# Why Are Our Customers Churning?

### Quick Reference
I. Find Baseline Probability  
II. Create a Baseline Model  
III. Create/Test Models and Identify Ω Model  

## I. Project Plan

### Summary

Zach, my team leader @ Telco Corp, wants to find out why our customers churning.  

Below is a list of questions he wants answers to: _tk, theres a new question from Maggie_

1. Are there features that indicate a higher propensity to churn? like type of internet service, type of phone service, online security and backup, senior citizens, paying more than x% of customers with the same services, etc.?
2. Is there a price threshold for specific services where the likelihood of churn increases once price for those services goes past that point?
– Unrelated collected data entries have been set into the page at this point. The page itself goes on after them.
lemma dns_delete_earlier_twin:
  assumes dns: "is_dns V E S" and "v \<in> set S" "v' \<in> set S"
  obtains S' k where "is_dns (V - {v'}) E S'" "length S' = length S - 1" "k < length S'"
    "S' ! k = v" "twin_extendable (V - {v'}) E S' k"
proof -
  obtain a b where ab: "a < b" "b < length S" "{S ! a, S ! b} = {v, v'}"
    using assms twins_distinct
    by (auto simp: in_set_conv_nth) (metis insert_commute linorder_neqE_nat)
  define D where "D = take a S @ drop (Suc a) S"
  define k where "k = b - 1"
  have S_eq: "insert_nth a (S ! a) D = S"
    unfolding D_def using ab by (simp add: insert_nth_nth_remove)
  have k: "a \<le> k" "k < length D" "length D = length S - 1"
    using ab by (auto simp: D_def k_def)
  have Dk: "D ! k = S ! b"
    using S_eq k ab nth_insert_nth_Suc[of a k D "S ! a"] by (simp add: k_def)
  have twin_nbhs: "closed_nbh V E (S ! a) = closed_nbh V E v" "closed_nbh V E (D ! k) = closed_nbh V E v"
    using ab(3) Dk closed_nbh_twins by (auto simp: doubleton_eq_iff)
  have dns_D: "is_dns V E D"
    using is_dns_insert_nth_D[of V E a "S ! a" D] dns S_eq k by simp
  have ext_D: "twin_extendable V E D k"
    using twin_extendable_if_dns_insert_nth[of V E a "S ! a" D k] dns S_eq k twin_nbhs by simp
  have "S ! a \<notin> set D"
    using dns S_eq distinct_insert_nth by (metis is_dns_def)
  moreover have "distinct D" "set D \<subseteq> V"
    using dns_D by (simp_all add: is_dns_def)
  ultimately have "v \<notin> set D - {D ! k}" "v' \<notin> set (D[k := v])"
    using ab(3) Dk k twins_distinct by (auto simp: set_update_distinct doubleton_eq_iff)
  have dns': "is_dns V E (D[k := v])"
    using dns_D k twins_in_V twin_nbhs \<open>v \<notin> set D - {D ! k}\<close> by (intro is_dns_list_update) auto
  have ext': "twin_extendable V E (D[k := v]) k"
    using ext_D k twin_nbhs by (simp add: twin_extendable_list_update)
  show ?thesis
  proof (rule that)
    show "is_dns (V - {v'}) E (D[k := v])"
      using dns' \<open>v' \<notin> set (D[k := v])\<close> is_dns_Diff_twin_iff by blast
    show "twin_extendable (V - {v'}) E (D[k := v]) k"
      using ext' dns' k twin_extendable_Diff_twin_iff[of "D[k := v]" k] by (simp add: is_dns_def)
  qed (use k in auto)
qed

lemma is_dns_insert_twin_after:
  assumes dns: "is_dns (V - {v'}) E S" and k: "k < length S" "S ! k = v"
    and ext: "twin_extendable (V - {v'}) E S k"
  shows "is_dns V E (insert_nth (Suc k) v' S)"
proof -
  have "is_dns V E S" "v' \<notin> set S"
    using dns is_dns_Diff_twin_iff by blast+
  moreover have "set S \<subseteq> V"
    using dns by (auto simp: is_dns_def)
  ultimately show ?thesis
    using k ext twins_in_V closed_nbh_twins
    by (intro is_dns_insert_nth_twin) (auto simp: twin_extendable_Diff_twin_iff)
qed

lemma gamma_le_Suc_gamma_Diff: "gamma_gr2 V E \<le> gamma_gr2 (V - {v'}) E + 1"
proof -
  obtain S where S: "is_dns V E S" "length S = gamma_gr2 V E"
    using gamma_attained[OF finite_V] .
  show ?thesis
  proof (cases "v \<in> set S \<and> v' \<in> set S")
    case True
    then obtain S' where "is_dns (V - {v'}) E S'" "length S' = length S - 1"
      using dns_delete_earlier_twin[OF S(1)] by blast
    then show ?thesis
      using S(2) finite_V length_le_gamma[of "V - {v'}" E S'] by simp
  next
    case False
    then show ?thesis
      using S length_le_gamma_Diff_if_not_both by fastforce
  qed
qed

lemma gamma_eq_Suc_gamma_Diff_iff:
  "gamma_gr2 V E = gamma_gr2 (V - {v'}) E + 1 \<longleftrightarrow>
    (\<exists>S. is_mdns (V - {v'}) E S \<and> (\<exists>k < length S. S ! k = v \<and> twin_extendable (V - {v'}) E S k))"
proof
  assume gamma_eq: "gamma_gr2 V E = gamma_gr2 (V - {v'}) E + 1"
  obtain S where S: "is_dns V E S" "length S = gamma_gr2 V E"
    using gamma_attained[OF finite_V] .
  then have "v \<in> set S" "v' \<in> set S"
    using length_le_gamma_Diff_if_not_both gamma_eq by fastforce+
  then obtain S' k where "is_dns (V - {v'}) E S'" "length S' = length S - 1" "k < length S'"
    "S' ! k = v" "twin_extendable (V - {v'}) E S' k"
    using dns_delete_earlier_twin[OF S(1)] by blast
  moreover have "is_mdns (V - {v'}) E S'"
    using S(2) gamma_eq finite_V \<open>is_dns (V - {v'}) E S'\<close> \<open>length S' = length S - 1\<close>
    by (simp add: is_mdns_iff)
  ultimately show "\<exists>S. is_mdns (V - {v'}) E S \<and> (\<exists>k < length S. S ! k = v \<and> twin_extendable (V - {v'}) E S k)"
    by blast
next
  assume "\<exists>S. is_mdns (V - {v'}) E S \<and> (\<exists>k < length S. S ! k = v \<and> twin_extendable (V - {v'}) E S k)"
  then obtain S k where S: "is_mdns (V - {v'}) E S" "k < length S" "S ! k = v"
    "twin_extendable (V - {v'}) E S k"
    by blast
  then have "is_dns V E (insert_nth (Suc k) v' S)" "length S = gamma_gr2 (V - {v'}) E"
    using is_dns_insert_twin_after finite_V by (auto simp: is_mdns_iff)
  then have "gamma_gr2 (V - {v'}) E + 1 \<le> gamma_gr2 V E"
    using length_le_gamma[OF finite_V] S(2) by fastforce
  then show "gamma_gr2 V E = gamma_gr2 (V - {v'}) E + 1"
    using gamma_le_Suc_gamma_Diff by simp
qed

end

theorem proposition5:
  fixes V :: "'a set" and E :: "'a \<Rightarrow> 'a \<Rightarrow> bool" and v v' :: 'a
  assumes "simple_graph V E"
    and "true_twins V E v v'"
    and "v \<noteq> v'"
  shows "gamma_gr2 (V - {v'}) E \<le> gamma_gr2 V E
       \<and> gamma_gr2 V E \<le> gamma_gr2 (V - {v'}) E + 1
       \<and> (gamma_gr2 V E = gamma_gr2 (V - {v'}) E + 1 \<longleftrightarrow>
          (\<exists>S'. is_mdns (V - {v'}) E S' \<and>
            (\<exists>k < length S'. S' ! k = v \<and> NS1 (V - {v'}) E S' k \<noteq> {} \<and>
               (\<forall>i < length S'. S' ! i \<noteq> v \<longrightarrow>
                  NS (V - {v'}) E S' i - NS1 (V - {v'}) E S' k \<noteq> {}))))"
proof -
  interpret true_twin_pair V E v v'
    using assms by unfold_locales
  have "(\<exists>k < length S. S ! k = v \<and> twin_extendable (V - {v'}) E S k) \<longleftrightarrow>
      (\<exists>k < length S. S ! k = v \<and> NS1 (V - {v'}) E S k \<noteq> {} \<and>
         (\<forall>i < length S. S ! i \<noteq> v \<longrightarrow> NS (V - {v'}) E S i - NS1 (V - {v'}) E S k \<noteq> {}))"
    if "is_mdns (V - {v'}) E S" for S
    using that by (auto simp: is_mdns_def is_dns_def twin_extendable_def nth_eq_iff_index_eq)
  then show ?thesis
    using gamma_Diff_le[OF finite_V] gamma_le_Suc_gamma_Diff gamma_eq_Suc_gamma_Diff_iff by blast
qed

end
If so, what is that point for what service(s)?
3. If we looked at churn rate for month-to-month customers after the 12th month and that of 1-year contract customers after the 12th month, are those rates comparable?

### Goals

The goals of the project are to answer the questions above and to deliver the following data products:

1. Report detailing my analysis in an .ipynb format
2. CSV file containing my predictions on a test data set
3. Google Slides explaining my chosen model
4. .py files that are used through the entire pipeline, and that contains _reproducible_ python scripts
5. Read Me file on a github repo containing all files created for this project
  
### Data Dictionary
| Feature 	| Description 	| Table of Origin 	| Notes 	|
|---------	|-------------	|-----------------	|-------	|
|         	|             	|                 	|       	|
|         	|             	|                 	|       	|
|         	|             	|                 	|       	|
|         	|             	|                 	|       	|
|         	|             	|                 	|       	|
|         	|             	|                 	|       	|
|         	|             	|                 	|       	|
|         	|             	|                 	|       	|
|         	|             	|                 	|       	|
|         	|             	|                 	|       	|
|         	|             	|                 	|       	|
|         	|             	|                 	|       	|
|         	|             	|                 	|       	|
|         	|             	|                 	|       	|
|         	|             	|                 	|       	|
|         	|             	|                 	|       	|
|         	|             	|                 	|       	|
|         	|             	|                 	|       	|
|         	|             	|                 	|       	|
|         	|             	|                 	|       	|
|         	|             	|                 	|       	|
|         	|             	|                 	|       	|
|         	|             	|                 	|       	|
|         	|             	|                 	|       	|
|         	|             	|                 	|       	|
|         	|             	|                 	|       	|
|         	|             	|                 	|       	|
|         	|             	|                 	|       	|
|         	|             	|                 	|       	|

### Packages

In [24]:
import pandas as pd
import numpy as np
import seaborn as sns
import pandas_profiling
import matplotlib.pyplot as plt

from sklearn.preprocessing import LabelEncoder, OrdinalEncoder

import wrangle
import prep
import model
import explore

from sklearn.model_selection import train_test_split
from sklearn.tree import export_graphviz
import graphviz
from sklearn.metrics import confusion_matrix
from sklearn.metrics import classification_report

import warnings
warnings.filterwarnings("ignore")

from scipy.stats import binom

## I. Find Baseline Probability

With the available data, what is the proportion of customers who churn?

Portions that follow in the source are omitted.